28 de maio de 2009 Deixe um comentário
 
Dia 2
15 de Maio 2009
Montado do Adaíl – Cabeço da Eira

Depois de uma noite bem dormida o despertar só podia ser tranquilo. Assim aconteceu e ainda o relógio não marcava as seis da matina já eu estava de olho pregado no tecto da acatitada tenda…
Minutos depois já a água borbulhava para novo pequeno-almoço, em tudo semelhante ao lanche do dia anterior. Cereais com chocolate, um luxo!

A posição que tinha escolhido, já o previa, permitia-me dar as boas vindas aos primeiros raios de sol que começaram a surgir pelas 06h20…No entanto a azáfama de arrumar de novo tudo nos alforges ao mesmo tempo que engolia o pequeno-almoço demorou quase uma hora e foi assim que pelas 07h30 me fiz de novo ao caminho, de ânimo alto e mais confiante neste binómio homem/máquina, inclusive. O arranque foi, por isso, com o sol a surgir já vigoroso por detrás dos montes da serra do Cercal.
Por esta altura já me perguntava se não iria ter calor assim que começasse a pedalar, mas foi preparado para algum frio que comecei a rolar os primeiros metros do 2º dia desta minha jornada.


Inicio do 2º dia…

Um bom dia daqueles…

Trilhos rolantes e de bom piso a permitir novamente andar relativamente bem e fazer médias confortáveis que garantissem as horas que tinha estipulado para cada dia. Alguns quilómetros, poucos, depois de ter saído do montado de Adaíl comecei a ficar com calor. Isto pelas 08h00. Felizmente que sempre soprou um vento bastante agradável e “amigo” já que continuava a soprar nas minhas costas, chegando mesmo a aliviar-me nalgumas subidazinhas. Escusado será dizer que muito lhe agradeci durante quase todo o trajecto…


Trilhos rolantes e rápidos…

À medida que me ia aproximando de Troviscais os caminhos iam ficando um pouco mais duritos exigindo sempre bastante atenção devido à nervosa frente da minha menina… Algumas das vistas eram simplesmente fantásticas, onde nalguns casos, ainda saltitavam aqui e ali single-trails de fazer correr a imaginação, e nem era preciso ter assim tanta quanto isso.

Vales espectaculares com pequenas pérolas precisosas escondidas…

Sempre bastantes ribeiros para refrescar os pézinhos e a cara…

O caminho que ia ficando para trás…

As preciosas vistas…

Já em Castelão tomei o café da manha que ansiava há já duas horitas. Aceitei, a convite da minha menina claro está, um pequeno descanso num recanto bem agradável ao lado do manhoso café. Mais umas fotos aqui e ali, um cigarrito e vai de me pôr de novo ao caminho, desta vez durante alguns quilómetros de excelente asfalto que desfrutei que nem um doido, já que foi sempre a descer durante alguns largos minutos, de vento na cara para lavar a poeira e a alma…

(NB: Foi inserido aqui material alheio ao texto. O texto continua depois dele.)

(* Let $\mathcal{V}$ and $\mathcal{W}$ be quaternionic two-sided Banach algebras with unit and let $\mathcal{A}:\mathcal{V}\to\mathcal{W}$ be a continuous isomorphism. Then for all $v\in\mathcal{V}$, $$B_{S,\partial}(v)=B_{S,\partial}(\mathcal{A}(v))=\bigcup_{c\in\mathcal{A}^{-1}(0)}B_{S,\partial}(v+c).$$
   Context: $\mathbb{H}$ denotes the quaternions, $Re(q)$ the real part and $|q|$ the norm of $q$. A quaternionic two-sided Banach algebra with unit is a two-sided $\mathbb{H}$-vector space with an associative product satisfying $x(y+z)=xy+xz$, $(x+y)z=xz+yz$, $q(xy)=(qx)y$, $(xy)q=x(yq)$, complete for a norm with $\|qx\|=|q|\|x\|=\|xq\|$, $\|xy\|\le\|x\|\|y\|$, and with unit $1\ne0$ of norm $1$. A homomorphism is additive, multiplicative, $\mathbb{H}$-linear on both sides and unital; an isomorphism is a bijective homomorphism. For an element $v$ of such an algebra $\mathcal{V}$, $R_q(v)=v^2-2Re(q)v+|q|^21_{\mathcal{V}}$ and $B_{S,\partial}(v)=\{q\in\mathbb{H}: R_q(v)\in\partial(\mathcal{V}\setminus\mathcal{V}^{-1})\}$, where $\mathcal{V}^{-1}$ is the set of invertible elements and $\partial$ denotes topological boundary in $\mathcal{V}$ (and analogously in $\mathcal{W}$). *)

theory Defs
  imports Main "HOL.Real" "HOL.NthRoot"
begin

datatype quat = Quat (qRe: real) (qIm1: real) (qIm2: real) (qIm3: real)

definition qadd :: "quat \<Rightarrow> quat \<Rightarrow> quat" where
  "qadd p q = Quat (qRe p + qRe q) (qIm1 p + qIm1 q) (qIm2 p + qIm2 q) (qIm3 p + qIm3 q)"

definition qmul :: "quat \<Rightarrow> quat \<Rightarrow> quat" where
  "qmul p q = Quat
     (qRe p * qRe q - qIm1 p * qIm1 q - qIm2 p * qIm2 q - qIm3 p * qIm3 q)
     (qRe p * qIm1 q + qIm1 p * qRe q + qIm2 p * qIm3 q - qIm3 p * qIm2 q)
     (qRe p * qIm2 q - qIm1 p * qIm3 q + qIm2 p * qRe q + qIm3 p * qIm1 q)
     (qRe p * qIm3 q + qIm1 p * qIm2 q - qIm2 p * qIm1 q + qIm3 p * qRe q)"

definition qone :: quat where "qone = Quat 1 0 0 0"

definition qof_real :: "real \<Rightarrow> quat" where "qof_real r = Quat r 0 0 0"

definition qnorm :: "quat \<Rightarrow> real" where
  "qnorm q = sqrt ((qRe q)\<^sup>2 + (qIm1 q)\<^sup>2 + (qIm2 q)\<^sup>2 + (qIm3 q)\<^sup>2)"

record 'a qalg =
  add  :: "'a \<Rightarrow> 'a \<Rightarrow> 'a"
  zero :: 'a
  neg  :: "'a \<Rightarrow> 'a"
  mul  :: "'a \<Rightarrow> 'a \<Rightarrow> 'a"
  one  :: 'a
  lsc  :: "quat \<Rightarrow> 'a \<Rightarrow> 'a"   \<comment> \<open>lsc q x = q x\<close>
  rsc  :: "quat \<Rightarrow> 'a \<Rightarrow> 'a"   \<comment> \<open>rsc q x = x q\<close>
  nrm  :: "'a \<Rightarrow> real"

definition qdist :: "'a qalg \<Rightarrow> 'a \<Rightarrow> 'a \<Rightarrow> real" where
  "qdist A x y = nrm A (add A x (neg A y))"

definition qbanach_alg :: "'a qalg \<Rightarrow> bool" where
  "qbanach_alg A \<longleftrightarrow>
     \<comment> \<open>abelian group\<close>
     (\<forall>x y z. add A (add A x y) z = add A x (add A y z)) \<and>
     (\<forall>x y. add A x y = add A y x) \<and>
     (\<forall>x. add A x (zero A) = x) \<and>
     (\<forall>x. add A x (neg A x) = zero A) \<and>
     \<comment> \<open>left H-vector space\<close>
     (\<forall>p q x. lsc A (qadd p q) x = add A (lsc A p x) (lsc A q x)) \<and>
     (\<forall>q x y. lsc A q (add A x y) = add A (lsc A q x) (lsc A q y)) \<and>
     (\<forall>p q x. lsc A (qmul p q) x = lsc A p (lsc A q x)) \<and>
     (\<forall>x. lsc A qone x = x) \<and>
     \<comment> \<open>right H-vector space\<close>
     (\<forall>p q x. rsc A (qadd p q) x = add A (rsc A p x) (rsc A q x)) \<and>
     (\<forall>q x y. rsc A q (add A x y) = add A (rsc A q x) (rsc A q y)) \<and>
     (\<forall>p q x. rsc A (qmul p q) x = rsc A q (rsc A p x)) \<and>
     (\<forall>x. rsc A qone x = x) \<and>
     \<comment> \<open>two-sided: (q x) p = q (x p)\<close>
     (\<forall>p q x. rsc A p (lsc A q x) = lsc A q (rsc A p x)) \<and>
     \<comment> \<open>associative product, distributive\<close>
     (\<forall>x y z. mul A (mul A x y) z = mul A x (mul A y z)) \<and>
     (\<forall>x y z. mul A x (add A y z) = add A (mul A x y) (mul A x z)) \<and>
     (\<forall>x y z. mul A (add A x y) z = add A (mul A x z) (mul A y z)) \<and>
     (\<forall>q x y. lsc A q (mul A x y) = mul A (lsc A q x) y) \<and>
     (\<forall>q x y. rsc A q (mul A x y) = mul A x (rsc A q y)) \<and>
     \<comment> \<open>unit\<close>
     (\<forall>x. mul A (one A) x = x \<and> mul A x (one A) = x) \<and>
     one A \<noteq> zero A \<and>
     \<comment> \<open>norm\<close>
     (\<forall>x. nrm A x = 0 \<longleftrightarrow> x = zero A) \<and>
     (\<forall>x y. nrm A (add A x y) \<le> nrm A x + nrm A y) \<and>
     (\<forall>q x. nrm A (lsc A q x) = qnorm q * nrm A x) \<and>
     (\<forall>q x. nrm A (rsc A q x) = qnorm q * nrm A x) \<and>
     (\<forall>x y. nrm A (mul A x y) \<le> nrm A x * nrm A y) \<and>
     nrm A (one A) = 1 \<and>
     \<comment> \<open>completeness\<close>
     (\<forall>s :: nat \<Rightarrow> 'a.
        (\<forall>e>0. \<exists>N. \<forall>m\<ge>N. \<forall>n\<ge>N. qdist A (s m) (s n) < e) \<longrightarrow>
        (\<exists>l. \<forall>e>0. \<exists>N. \<forall>n\<ge>N. qdist A (s n) l < e))"

definition qinvertibles :: "'a qalg \<Rightarrow> 'a set" where
  "qinvertibles A = {x. \<exists>y. mul A x y = one A \<and> mul A y x = one A}"

definition qboundary :: "'a qalg \<Rightarrow> 'a set \<Rightarrow> 'a set" where
  "qboundary A S = {x. \<forall>e>0. (\<exists>y\<in>S. qdist A y x < e) \<and> (\<exists>y. y \<notin> S \<and> qdist A y x < e)}"

definition qRq :: "'a qalg \<Rightarrow> quat \<Rightarrow> 'a \<Rightarrow> 'a" where
  "qRq A q v = add A (add A (mul A v v) (neg A (lsc A (qof_real (2 * qRe q)) v)))
                     (lsc A (qof_real ((qnorm q)\<^sup>2)) (one A))"

definition BSd :: "'a qalg \<Rightarrow> 'a \<Rightarrow> quat set" where
  "BSd A v = {q. qRq A q v \<in> qboundary A (UNIV - qinvertibles A)}"

definition qhom :: "'a qalg \<Rightarrow> 'b qalg \<Rightarrow> ('a \<Rightarrow> 'b) \<Rightarrow> bool" where
  "qhom V W f \<longleftrightarrow>
     (\<forall>x y. f (add V x y) = add W (f x) (f y)) \<and>
     (\<forall>x y. f (mul V x y) = mul W (f x) (f y)) \<and>
     (\<forall>q x. f (lsc V q x) = lsc W q (f x)) \<and>
     (\<forall>q x. f (rsc V q x) = rsc W q (f x)) \<and>
     f (one V) = one W"

definition qiso :: "'a qalg \<Rightarrow> 'b qalg \<Rightarrow> ('a \<Rightarrow> 'b) \<Rightarrow> bool" where
  "qiso V W f \<longleftrightarrow> qhom V W f \<and> bij f"

definition qcontinuous :: "'a qalg \<Rightarrow> 'b qalg \<Rightarrow> ('a \<Rightarrow> 'b) \<Rightarrow> bool" where
  "qcontinuous V W f \<longleftrightarrow>
     (\<forall>x. \<forall>e>0. \<exists>d>0. \<forall>y. qdist V y x < d \<longrightarrow> qdist W (f y) (f x) < e)"

end

theory Submission
  imports Defs "HOL-Analysis.Analysis"
begin

text \<open>
  A unital homomorphism commutes with \<open>R\<^sub>q\<close>, and a bijective one maps the invertible elements
  exactly onto the invertible elements. If it is moreover a homeomorphism, it maps the boundary of
  the singular set of \<open>V\<close> onto that of \<open>W\<close>, so \<open>B(v) = B(A v)\<close>; and since \<open>A\<close> is injective, the
  union over its kernel is just \<open>B(v)\<close>.

  Continuity of \<open>A\<^sup>-\<^sup>1\<close> is the bounded inverse theorem for the underlying real Banach spaces.
  By Baire's theorem the closure of the image of some ball has interior, which yields approximate
  preimages of controlled norm; successive approximation in the complete space \<open>V\<close> turns them into
  exact preimages \<open>x\<close> of \<open>y\<close> with \<open>nrm x \<le> K nrm y\<close>, so \<open>A\<^sup>-\<^sup>1\<close> is Lipschitz.
\<close>

lemma qadd_qof_real: "qadd (qof_real r) (qof_real s) = qof_real (r + s)"
  by (simp add: qadd_def qof_real_def)

lemma qmul_qof_real: "qmul (qof_real r) (qof_real s) = qof_real (r * s)"
  by (simp add: qmul_def qof_real_def)

lemma qof_real_1: "qof_real 1 = qone"
  by (simp add: qone_def qof_real_def)

lemma qnorm_qof_real: "qnorm (qof_real r) = \<bar>r\<bar>"
  by (simp add: qnorm_def qof_real_def)

abbreviation qdiff :: "'a qalg \<Rightarrow> 'a \<Rightarrow> 'a \<Rightarrow> 'a" where
  "qdiff A x y \<equiv> add A x (neg A y)"

abbreviation rscale :: "'a qalg \<Rightarrow> real \<Rightarrow> 'a \<Rightarrow> 'a" where
  "rscale A r x \<equiv> lsc A (qof_real r) x"

primrec partial_sum :: "'a qalg \<Rightarrow> (nat \<Rightarrow> 'a) \<Rightarrow> nat \<Rightarrow> 'a" where
  "partial_sum A x 0 = zero A"
| "partial_sum A x (Suc m) = add A (partial_sum A x m) (x m)"

lemma eventually_divide_pow2_less:
  fixes C \<epsilon> :: real
  assumes "0 < \<epsilon>"
  shows "eventually (\<lambda>n. C / 2 ^ n < \<epsilon>) sequentially"
  using order_tendstoD(2)[OF LIMSEQ_divide_realpow_zero[of 2 C] assms] by simp

locale qbanach =
  fixes A :: "'a qalg"
  assumes qbanach_alg: "qbanach_alg A"
begin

A minha menina em Castelão…

Auto-retrato…

Depois de uma curva na estrada avisto algo que identifico de imediato. Em sentido contrário ao meu circulava uma ciclista também sozinha e de alforges na bike. Um olá de sorriso aberto e ambos seguimos viagem rumo aos nossos destinos. Qual seria o dela? Pelo bronze que trazia já pedalava fazia uns dias. Até onde iria? Foram perguntas, como outras, que me passavam na gazua nalgum recanto do cérebro enquanto rolava os metros que nos iam separando, pedalada a pedalada…
Entro novamente em caminhos de terra para enfrentar nova subida! Aqui e antes de olhar atentamente o GPS apanhei um susto devido à parede que se começava a mostrar à minha frente, estupidamente grande e empinada. Felizmente que uma leitura atenta ao mapa e lá me apercebo que o traço rosa não cruza perpendicularmente as curvas de nível e percebo o trilho que sai à cota e que se mantinha escondido por entre a folhagem.
Respirando de alívio acabo contornando o monte por um trilho de inclinação ridícula deixando-me quase como envergonhado com a minha frouxidão de há uns momentos antes…


Novamente o que ia ficando nas minhas costas…

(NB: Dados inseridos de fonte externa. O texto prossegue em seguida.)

lemma nsphere_deformations:
  assumes x0: "x0 \<in> topspace (nsphere d)" and d: "1 \<le> d"
  obtains \<alpha> \<beta> :: "real \<Rightarrow> (nat \<Rightarrow> real) \<Rightarrow> nat \<Rightarrow> real" where
    "continuous_map (prod_topology (top_of_set {0..1}) (nsphere d)) (nsphere d) (\<lambda>z. \<alpha> (fst z) (snd z))"
    "continuous_map (prod_topology (top_of_set {0..1}) (nsphere d)) (nsphere d) (\<lambda>z. \<beta> (fst z) (snd z))"
    "\<And>x. x \<in> topspace (nsphere d) \<Longrightarrow> \<alpha> 0 x = x \<and> \<beta> 0 x = x"
    "\<And>t. t \<in> {0..1} \<Longrightarrow> \<alpha> t x0 = x0"
    "\<And>x. x \<in> topspace (nsphere d) \<Longrightarrow> \<alpha> 1 x = x0 \<or> \<beta> 1 x = x0"
proof -
  obtain w where w: "w \<in> topspace (nsphere d)" "dot d w x0 = 0"
    using nsphere_exists_orthogonal[OF x0 d] by blast
  define x0' where "x0' = (\<lambda>i. - x0 i)"
  have x0': "x0' \<in> topspace (nsphere d)"
    unfolding x0'_def using x0 by (rule uminus_in_nsphere)
  define \<beta> where "\<beta> t x = plane_rotation d x0 w (t * pi) (pole_pull d x0' t x)" for t x
  let ?Z = "prod_topology (top_of_set {0..1::real}) (nsphere d)"
  have "continuous_map ?Z (prod_topology euclideanreal (nsphere d))
          (\<lambda>z. (fst z * pi, pole_pull d x0' (fst z) (snd z)))"
    by (intro continuous_map_pairedI continuous_map_real_mult continuous_map_fst_real
        continuous_map_canonical_const continuous_map_pole_pull x0')
  from continuous_map_compose[OF this continuous_map_plane_rotation[OF x0 w]]
  have "continuous_map ?Z (nsphere d) (\<lambda>z. \<beta> (fst z) (snd z))"
    by (simp add: \<beta>_def o_def)
  moreover have "pole_pull d x0 1 x = x0 \<or> \<beta> 1 x = x0" for x
  proof (cases "0 \<le> dot d x x0")
    case True
    then show ?thesis
      by (simp add: pole_pull_1)
  next
    case False
    then have "pole_pull d x0' 1 x = x0'"
      by (intro pole_pull_1) (simp add: x0'_def dot_commute[of d x] dot_uminus_left)
    then show ?thesis
      using plane_rotation_pi_antipode[OF x0 w(2)] by (simp add: \<beta>_def x0'_def)
  qed
  ultimately show ?thesis
    using that[of "pole_pull d x0" \<beta>] continuous_map_pole_pull[OF x0] pole_pull_0 pole_pull_pole[OF x0]
    by (simp add: \<beta>_def)
qed

lemma openin_nsphere_delete: "openin (nsphere d) (topspace (nsphere d) - {x})"
proof -
  have "Hausdorff_space (nsphere d)"
    unfolding nsphere
    by (rule Hausdorff_space_subtopology) (simp add: Hausdorff_space_product_topology)
  then show ?thesis
    using Hausdorff_imp_t1_space t1_space_openin_delete_alt by blast
qed

section \<open>Configuration spaces\<close>

abbreviation tuples :: "'m topology \<Rightarrow> 'x topology \<Rightarrow> nat \<Rightarrow> (nat \<Rightarrow> 'm \<times> 'x) topology" where
  "tuples M X j \<equiv> product_topology (\<lambda>i. prod_topology M X) {..<j}"

lemma in_topspace_labelled_tuples:
  "(j, f) \<in> topspace (labelled_tuples M X) \<longleftrightarrow>
     f \<in> (\<Pi>\<^sub>E i\<in>{..<j}. topspace M \<times> topspace X) \<and> inj_on (fst \<circ> f) {..<j}"
  by (auto simp: labelled_tuples_def)

lemma conf_of_eq_image: "conf_of x0 (j, f) = f ` {i. i < j \<and> snd (f i) \<noteq> x0}"
  by (auto simp: conf_of_def)

lemma conf_of_restrict [simp]: "conf_of x0 (j, restrict f {..<j}) = conf_of x0 (j, f)"
  by (auto simp: conf_of_def)

lemma card_conf_of:
  assumes "inj_on (fst \<circ> f) {..<j}"
  shows "card (conf_of x0 (j, f)) = card {i. i < j \<and> snd (f i) \<noteq> x0}"
proof -
  have "inj_on f {i. i < j \<and> snd (f i) \<noteq> x0}"
    using assms by (auto simp: inj_on_def)
  then show ?thesis
    unfolding conf_of_eq_image by (rule card_image)
qed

E o que tinha pela frente! Ou achava que tinha…

Aiiiiiiiiiiiiiii! Que estou F%&$""#!
Já cheirava a Odemira.
Mais uns metros rápidos em asfalto, desvio à esquerda a 100 à hora – pelo menos parecia – e minutos depois entro na bela e sempre bem cuidada povoação de Odemira, onde cheguei pelas 11H15. Os recantos desta pitoresca cidade alentejana já me são bem conhecidos de outros tempos. Dos tempos de criança e das férias de verão com três meses de largo. Das passeatas com os avós à Quinta dos Fetos, dos mergulhos no Mira e do lodo até meio das canelas, das sardinhadas nas esplanadas das imaculadas praças, dos velhotes idos e das histórias do mar e de África à sombra de um toldo já gasto pelo sol tórrido de verão na Zambujeira e Odeceixe.


As flores dos canteiros de Odemira…

Junto às margens do Mira…

Na saída Oeste, pela Ponte Velha, de Odemira…

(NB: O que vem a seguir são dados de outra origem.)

(* Consider the Physarum dynamics on $G$ with arbitrary initial diameters $D_e(0)>0$. Then the dynamics are attracted by $\mathcal E^*$, i.e. $\operatorname{dist}(D(t),\mathcal E^* )\to 0$ as $t\to\infty$ (distance measured in any $L_p$-norm on $\mathbb R^E$). If the shortest $s_0$-$s_1$ path is unique, then $D(t)$ converges to the vector that equals $1$ on every edge of the shortest $s_0$-$s_1$ path and $0$ on every other edge.
   Context: Let $G=(N,E)$ be a finite connected undirected graph with $n=|N|$ vertices and $m=|E|$ edges, and two distinct vertices $s_0$ (source) and $s_1$ (sink). Each edge $e$ has a fixed length $L_e>0$. Each edge has a time-dependent diameter $D_e(t)$ with $D_e(0)>0$, and resistance $R_e=L_e/D_e$. At each time $t$, the vertex potentials $p_v$ (normalized by $p_{s_1}=0$) are the solution of $\sum_{u\in\delta(v)}(p_v-p_u)/R_{uv}=b_v$ for all $v$, where $\delta(v)$ is the set of neighbours of $v$, $b_{s_0}=1$, $b_{s_1}=-1$, $b_v=0$ otherwise; for an edge $e=\{u,v\}$ with an arbitrarily fixed orientation $(u,v)$ the current is $Q_e=(p_u-p_v)/R_e=D_e(p_u-p_v)/L_e$ (so $Q$ is the electrical $s_0$-$s_1$ flow of value 1). The diameters evolve by $\dot D_e(t)=|Q_e(t)|-D_e(t)$ for all $e\in E$ (the "Physarum dynamics"). Let $L^*$ be the length of a shortest $s_0$-$s_1$ path (length of a path = sum of $L_e$ over its edges), let $E_0$ be the set of edges lying on at least one shortest $s_0$-$s_1$ path, and $G_0=(N,E_0)$. Each edge $\{u,v\}\in E_0$ is oriented from the endpoint farther from $s_1$ to the one nearer to $s_1$ (shortest-path distance). $\mathcal E^*\subseteq\mathbb R^E_{\ge0}$ is the set of vectors $x$ with $x_e=0$ for $e\notin E_0$ such that $x$, viewed on the oriented edges of $E_0$, is an $s_0$-$s_1$ flow of value one (equivalently, the set of minimum-cost $s_0$-$s_1$ flows of value one, cost $\sum_e L_e x_e$). *)

theory Defs
  imports Complex_Main
begin

definition simple_graph :: "'v set \<Rightarrow> 'v set set \<Rightarrow> bool" where
  "simple_graph N E \<longleftrightarrow> finite N \<and>
     (\<forall>e\<in>E. \<exists>u v. u \<noteq> v \<and> u \<in> N \<and> v \<in> N \<and> e = {u, v})"

definition walk :: "'v set set \<Rightarrow> 'v list \<Rightarrow> bool" where
  "walk E xs \<longleftrightarrow> xs \<noteq> [] \<and> (\<forall>i < length xs - 1. {xs ! i, xs ! Suc i} \<in> E)"

definition path_edges :: "'v list \<Rightarrow> 'v set set" where
  "path_edges xs = {{xs ! i, xs ! Suc i} | i. i < length xs - 1}"

definition path_len :: "('v set \<Rightarrow> real) \<Rightarrow> 'v list \<Rightarrow> real" where
  "path_len L xs = (\<Sum>i < length xs - 1. L {xs ! i, xs ! Suc i})"

definition spath :: "'v set set \<Rightarrow> 'v \<Rightarrow> 'v \<Rightarrow> 'v list \<Rightarrow> bool" where
  "spath E v w xs \<longleftrightarrow> walk E xs \<and> distinct xs \<and> hd xs = v \<and> last xs = w"

definition sdist :: "'v set set \<Rightarrow> ('v set \<Rightarrow> real) \<Rightarrow> 'v \<Rightarrow> 'v \<Rightarrow> real" where
  "sdist E L v w = Inf (path_len L ` {xs. spath E v w xs})"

Os trilhos à saída de Odemira, sempre ladeando o rio Mira foram de uma beleza espectacular.
Começando com um single-trail bastante fechado e que acabava num pequeno troço de levada de água, também de um palmo e no qual se circula por uns metros até sair para uns estradões de excelente piso que cruzavam algumas pequenas ribeiras anunciando já a passagem do Mira a vau mais adiante…


Uma levada de água e um palmo de caminho…

Sempre ladeando o rio…

Bons trilhos e boas paisagens. Do melhor…

Ainda antes desta passagem que ansiava, a hora do almoço surgiu voraz e rapidamente me vi forçado a encostar na única sombra que avistava no caminho. Um grande, magnifico e antigo sobreiro.


Paragem obrigatória. A fome e sombra assim o manda…

O local da paragem ficou com o simples nome de “Restaurante Sobreiro II”. De ambiente acolhedor e tranquilo, paisagens idílicas e boa cozinha, não posso deixar de recomendar para futuras visitas…
Não posso deixar de referir também que a sombra apetecia porque o dia estava limpo como cristal e o sol do meio-dia queimava já forte no céu…


Restaurante "Sobreiro II"

Através de paisagens deslumbrantes chego à passagem em que o caminho cruza o Mira deixando duas hipóteses para quem quer seguir caminho. A passagem a vau ou um pequeno desvio que contorna pela esquerda. Foi a direito e molhando os pezinhos que ultrapassei esta pequena, mas perfeita, dificuldade. A pedalar está claro que as emoções são para ser vividas, todas e em doses concentradas, faz favor.


Sempre adiante…

Mais paisagenss e trilhos muito suberbos…

Novamente, vistas do que ia ficando para trás…

 
Eis que me surgia…

Finalmente a tão aguardada passagem do Mira, aqui ainda adolescente…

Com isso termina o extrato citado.